Вдова посмотрела на карточку с золотым обрезом, которую держала в руке.
– Да… и уж не помню в какой раз. Я бываю у них каждый год. Наверное, это просто великолепный прием… для тех, кому нравятся шумные сборища, где подают вдоволь вина, а угощения так дороги, что к ним неловко притронуться. Меня приглашают, я прихожу и перекидываюсь со старым Годдардом парой словечек. Он – давний мой друг и строит надежные корабли, – задумчиво говорила она, постукивая карточкой по руке, – а ведь нам с вами нужны новые корабли, не
О новых кораблях Лайам не думал, его заботили те, что имеются под рукой. Их оснастка, ремонт… деньги для закупки товаров. Но он только молча кивнул, выражая согласие.
– Не сразу, конечно…– продолжала госпожа Присциан, недовольно поглядывая на вереницу гостей. – Но ведь когда-нибудь придет это время. Впрочем, тогда вы уже будете у Годдардов своим человеком. Вам тоже начнут слать приглашения на карточках с золотыми обрезами.
– Да? Лайам рассмеялся. – Что ж, это было бы замечательно! Я просто без ума от шумных сборищ, обильной выпивки и еды, к которой страшно притронуться.
– Тогда вам понравится у Годдардов, – спокойно сказала госпожа Присциан. – Вы, наверное, будете засиживаться у них допоздна. Что до меня, то я всегда ухожу рано. Кто рано ложится…
…тому крепко спится, – продолжил присказку Лайам.
Почтенная дама посмотрела на него с одобрением и улыбнулась.
– Именно так. Когда вам назначено?
– Меня ждут к восьми.
– Тогда, надеюсь, вы не откажетесь еще немного со мной поскучать? Я не хочу там толкаться, а очередь еще длинная. Мне не холодно, – добавила она, предвосхищая вопрос. – Хотя вон той вертихвостке придется несладко!

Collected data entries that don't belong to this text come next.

lemma sum_inside_Un_Int:
  fixes x :: "'a set \<Rightarrow> real"
  assumes "finite E"
  shows "sum x (inside E A) + sum x (inside E B) + sum x (inside E (A \<union> B) - (inside E A \<union> inside E B))
    = sum x (inside E (A \<union> B)) + sum x (inside E (A \<inter> B))"
proof -
  have fin: "finite (inside E A)" "finite (inside E B)" "finite (inside E (A \<union> B))"
    using assms inside_subset finite_subset by blast+
  have int: "inside E A \<inter> inside E B = inside E (A \<inter> B)"
    and sub: "inside E A \<union> inside E B \<subseteq> inside E (A \<union> B)"
    unfolding inside_def by auto
  show ?thesis
    using sum.union_inter[OF fin(1,2), of x, unfolded int] sum.subset_diff[OF sub fin(3), of x]
    by linarith
qed

text \<open>Supermodularity of \<open>A \<mapsto> x(E(A))\<close> against modularity of \<open>A \<mapsto> |A| - 1\<close>: uncrossing two
  tight sets forces equality everywhere, including zero weight on the edges between \<open>A - B\<close> and
  \<open>B - A\<close>.\<close>
lemma tight_uncross:
  assumes G: "graph V E" and x: "x \<in> P_ST V E" and A: "tight V E x A" and B: "tight V E x B"
    and AB: "A \<inter> B \<noteq> {}"
  shows "tight V E x (A \<union> B)" "tight V E x (A \<inter> B)"
    and "\<And>g. g \<in> inside E (A \<union> B) \<Longrightarrow> \<not> g \<subseteq> A \<Longrightarrow> \<not> g \<subseteq> B \<Longrightarrow> x g = 0"
proof -
  let ?X = "inside E (A \<union> B) - (inside E A \<union> inside E B)"
  have fE: "finite E" using G by (rule graph_finite_edges)
  have fin: "finite A" "finite B"
    using A B G unfolding tight_def graph_def by (auto intro: finite_subset)
  have card: "real (card A) + real (card B) = real (card (A \<union> B)) + real (card (A \<inter> B))"
    using card_Un_Int[OF fin] by simp
  have AB_V: "A \<union> B \<subseteq> V" "A \<inter> B \<subseteq> V" using A B unfolding tight_def by auto
  have U: "sum x (inside E (A \<union> B)) \<le> real (card (A \<union> B)) - 1"
    using P_ST_inside_le[OF G x _ AB_V(1)] AB by blast
  have I: "sum x (inside E (A \<inter> B)) \<le> real (card (A \<inter> B)) - 1"
    using P_ST_inside_le[OF G x AB AB_V(2)] .
  have x0: "\<forall>g\<in>?X. x g \<ge> 0" using x unfolding P_ST_def inside_def by auto
  then have "sum x ?X \<ge> 0" by (intro sum_nonneg) auto
  moreover have "sum x (inside E A) = real (card A) - 1" "sum x (inside E B) = real (card B) - 1"
    using A B unfolding tight_def by auto
  ultimately have X: "sum x ?X = 0" "sum x (inside E (A \<union> B)) = real (card (A \<union> B)) - 1"
    "sum x (inside E (A \<inter> B)) = real (card (A \<inter> B)) - 1"
    using sum_inside_Un_Int[OF fE, of x A B] U I card by linarith+
  have finX: "finite ?X" using fE inside_subset by (metis Diff_subset finite_subset)
  show "tight V E x (A \<union> B)" "tight V E x (A \<inter> B)"
    using X(2,3) AB AB_V unfolding tight_def by auto
  fix g assume "g \<in> inside E (A \<union> B)" "\<not> g \<subseteq> A" "\<not> g \<subseteq> B"
  then have "g \<in> ?X" unfolding inside_def by auto
  then show "x g = 0" using X(1) sum_nonneg_eq_0_iff[OF finX] x0 by blast
qed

Госпожа Присциан кивком указала на молодую особу, выскочившую из экипажа в одном платье, глубоко открывающем плечи. Лайам важно кивнул.
– Да, бедняжка изрядно промерзнет.
Они вновь умолкли, но на этот в этом молчании не ощущалось неловкости. Госпожа Присциан держалась по обыкновению прямо. Она все постукивала пригласительной карточкой по ладони и взирала на шумную толкотню с таким царственным видом, что Лайам внутренне усмехнулся. Он опять вспомнил о Грантайре и после недолгих колебаний все же решился заговорить.
– Госпожа Присциан, могу ли я задать вам вопрос?
Карточка в руке вдовы замерла.
– Разумеется, господин Ренфорд.
– Сейчас у меня гостит подруга покойного мастера Танаквиля, мага, который завещал мне свой дом… Она очень интересуется одним из ваших предков. Я имею в виду Эйрина Присциана. Оказывается, он упоминается в некоторых книгах Танаквиля как выдающийся чародей древних времен. Моя гостья попросила меня узнать, не осталось ли у вас каких-нибудь записей Эйрина, и, если таковые имеются, не разрешите ли вы ей просмотреть эти бумаги?..
Лайам умолк, смущенный непроницаемым видом вдовы. Он не мог разобраться, как она относится к сказанному.
– У вас гостит женщина, господин Ренфорд?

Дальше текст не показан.